住民の死亡記録を統計的に解析したこの論文により、イギリスは適切な価格で年金サービスを行えるようになったそうですから、私が以前在籍していた保険業界にとっても彼の存在は非常に大きかったと言えます。

1698年に英国海軍のバラモア号の艦長に任命され、広範囲にわたって地磁気観測を行った彼は、1901年に世界初の地磁気図を発表。
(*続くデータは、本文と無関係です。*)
(* s(n) = coefficient of q^n in sum_{k>=0} s_term k; summands with k > n have
   order k(k+1) > n, so the sum may be truncated at k = n. *)
definition s :: "nat \<Rightarrow> int" where
  "s n = (\<Sum>k\<le>n. fps_nth (s_term k) n)"


end

(*
  Write S(q) = sum_n s(n) q^n and theta_{c,a}(q) = 1 + 2 sum_{r>=1} c^r q^(a r^2) (theta c a
  below). Bailey's lemma with b = q, applied to the unit Bailey pair, gives the Bailey pair with
  beta_n = 1/(q;q)_(2n); Bailey's lemma with b = -q^2, applied to both pairs, then yields
  S(q) theta_{-1,2}(q) = theta_{1,3}(q). As theta_{-1,2} = (q^2;q^2)_inf / (-q^2;q^2)_inf and
  theta_{1,3} = (q^6,-q^3,-q^3;q^6)_inf by the triple product identity, this is the product
  formula of the statement. The infinite sums are handled by proving the identities obtained
  after multiplying by (q^2;q^2)_n and comparing coefficients up to q^n.

  Write theta_{-1,2} = 1 + 2T and theta_{1,3} = 1 + 2U. Modulo 16,
  S = (1 + 2U)(1 - 2T + 4T^2 - 8T^3), and T is a series in q^2, so for odd N,
  s(N) = 2 U_N - 4 (UT)_N + 8 (UT^2)_N modulo 16. Moreover T^2 = T(q^2) modulo 2. These
  coefficients vanish unless N has the form 3a^2, 3a^2 + 2b^2 and 3a^2 + 4b^2 respectively, and
  these forms are excluded modulo 24 in the progressions at hand.
*)

theory Submission
  imports Defs
begin

unbundle fps_syntax

section \<open>Gaussian binomial coefficients\<close>

definition qfact :: "'a::comm_ring_1 \<Rightarrow> nat \<Rightarrow> 'a" where
  "qfact Q k = (\<Prod>i=1..k. 1 - Q ^ i)"
lemma continuous_map_cesaro:
  assumes t: "\<bar>t\<bar> \<le> 1"
  shows "continuous_map HD_top HD_top (cesaro t)"
  unfolding continuous_map_def topspace_HD_top
proof (intro conjI allI impI Pi_I)
  fix f assume "f \<in> HD"
  then show "cesaro t f \<in> HD" by (rule cesaro_in_HD[OF t])
next
  fix W assume W: "openin HD_top W"
  show "openin HD_top {f \<in> HD. cesaro t f \<in> W}"
    unfolding openin_HD_top_iff
  proof (intro conjI ballI)
    fix f assume f: "f \<in> {f \<in> HD. cesaro t f \<in> W}"
    then obtain r d where "r < 1" "d > 0" "HD_nbhd (cesaro t f) (cball 0 r) d \<subseteq> W"
      using W f unfolding openin_HD_top_iff by blast
    then have "cesaro t ` HD_nbhd f (cball 0 r) ((1 - r) * d / 2) \<subseteq> W"
      using cesaro_image_HD_nbhd_subset[OF t _ \<open>r < 1\<close> \<open>d > 0\<close>, of f] f by blast
    then have "HD_nbhd f (cball 0 r) ((1 - r) * d / 2) \<subseteq> {f \<in> HD. cesaro t f \<in> W}"
      using HD_nbhd_subset_HD unfolding image_subset_iff by blast
    then show "\<exists>r d. r < 1 \<and> d > 0 \<and> HD_nbhd f (cball 0 r) d \<subseteq> {f \<in> HD. cesaro t f \<in> W}"
      using \<open>r < 1\<close> \<open>d > 0\<close> by (intro exI[of _ r] exI[of _ "(1 - r) * d / 2"]) simp
  qed blast
qed

lemma equicontinuous_family_subset:
  assumes "equicontinuous_family X z T I" "J \<subseteq> I"
  shows "equicontinuous_family X z T J"
  unfolding equicontinuous_family_def
proof (intro allI impI)
  fix V assume "\<exists>W. openin X W \<and> z \<in> W \<and> W \<subseteq> V"
  then obtain U where "openin X U" "z \<in> U" "\<forall>i\<in>I. T i ` U \<subseteq> V"
    using assms(1) unfolding equicontinuous_family_def by meson
  then show "\<exists>U. openin X U \<and> z \<in> U \<and> (\<forall>i\<in>J. T i ` U \<subseteq> V)"
    using assms(2) by (meson subsetD)
qed

lemma equicontinuous_cesaro: "equicontinuous_family HD_top (\<lambda>z. 0) cesaro {t. \<bar>t\<bar> \<le> 1}"
  unfolding equicontinuous_family_def
proof (intro allI impI)
  fix V assume "\<exists>W. openin HD_top W \<and> (\<lambda>z. 0) \<in> W \<and> W \<subseteq> V"
  then obtain W where W: "openin HD_top W" "(\<lambda>z. 0) \<in> W" "W \<subseteq> V" by meson
  then obtain r d where r: "r < 1" and d: "d > 0" and "HD_nbhd (\<lambda>z. 0) (cball 0 r) d \<subseteq> W"
    unfolding openin_HD_top_iff by meson
  note \<open>HD_nbhd (\<lambda>z. 0) (cball 0 r) d \<subseteq> W\<close>
  also note \<open>W \<subseteq> V\<close>
  finally have V: "HD_nbhd (\<lambda>z. 0) (cball 0 r) d \<subseteq> V" .
  define U where "U = HD_nbhd (\<lambda>z. 0) (cball 0 r) ((1 - r) * d / 2)"
  have "openin HD_top U"
    unfolding U_def using r d by (intro openin_HD_nbhd zero_in_HD compact_cball) auto
  moreover have "(\<lambda>z. 0) \<in> U"
    unfolding U_def using r d by (intro centre_in_HD_nbhd zero_in_HD) simp
  moreover have "cesaro t ` U \<subseteq> V" if "t \<in> {t. \<bar>t\<bar> \<le> 1}" for t
    using cesaro_image_HD_nbhd_subset[OF _ zero_in_HD r d, of t] that V
    unfolding U_def cesaro_zero by simp
  ultimately show "\<exists>U. openin HD_top U \<and> (\<lambda>z. 0) \<in> U \<and> (\<forall>t\<in>{t. \<bar>t\<bar> \<le> 1}. cesaro t ` U \<subseteq> V)"
    by meson
qed

theorem proposition2p1:
  shows "(\<forall>t\<in>{0..<1}. continuous_map HD_top HD_top (cesaro t))
       \<and> equicontinuous_family HD_top (\<lambda>z. 0) cesaro {0..<1}"
proof
  show "\<forall>t\<in>{0..<1}. continuous_map HD_top HD_top (cesaro t)"
    by (auto intro: continuous_map_cesaro)
  show "equicontinuous_family HD_top (\<lambda>z. 0) cesaro {0..<1}"
    by (rule equicontinuous_family_subset[OF equicontinuous_cesaro]) auto
qed

end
その後数々の功績を称えられ、オックスフォード大のサヴィル幾何学教授職や名誉法学博士を授与された彼は、1705年にあの〝彗星〟に関する予言を記しました。

         


この彗星、以前からその存在は知られていました。

1531年にペトルス・アビアヌス(ドイツ)、1607年にヨハネス・ケプラー(ドイツ)が観測に成功していましたが、1682年に出現した彗星の観測内容が彼らのものと酷似していることに気付いた彼は、それら3つの彗星は76年周期で地球に近づく同一の彗星であると『彗星天文学概論』で結論づけ、1757年に再び現れると予言したのです。

1720年からグリニッジ天文台長の座に就いた彼は、今から275年前の今日・1742年1月14日に86歳でこの世を去っており、残念ながら自らの目でその予言の真偽を確かめることは出来ませんでした。

しかし(木星と土星の摂動によって時期は多少ズレたものの)1758年にドイツのアマチュァ天文家ヨハン・ゲオルグ・パリッチュがこの彗星を発見し、彼の予言が正しかったことが証明されました。

その功績により、この彗星は〝ハレー〟と名づけられたのです。

その他にも金星の日面通過に関する予言も彼の死後に証明されるなど、科学分野に関する貢献度は素晴らしいもの。

ノストラ某の予言と違い、科学的に理論づけられた彼の予言はちゃんと当たっていたのです。

今度ハレー彗星が地球に近づくのは2061年だそうですから、私はもちろんこの記事の読者の多くは観ることはできないでしょう。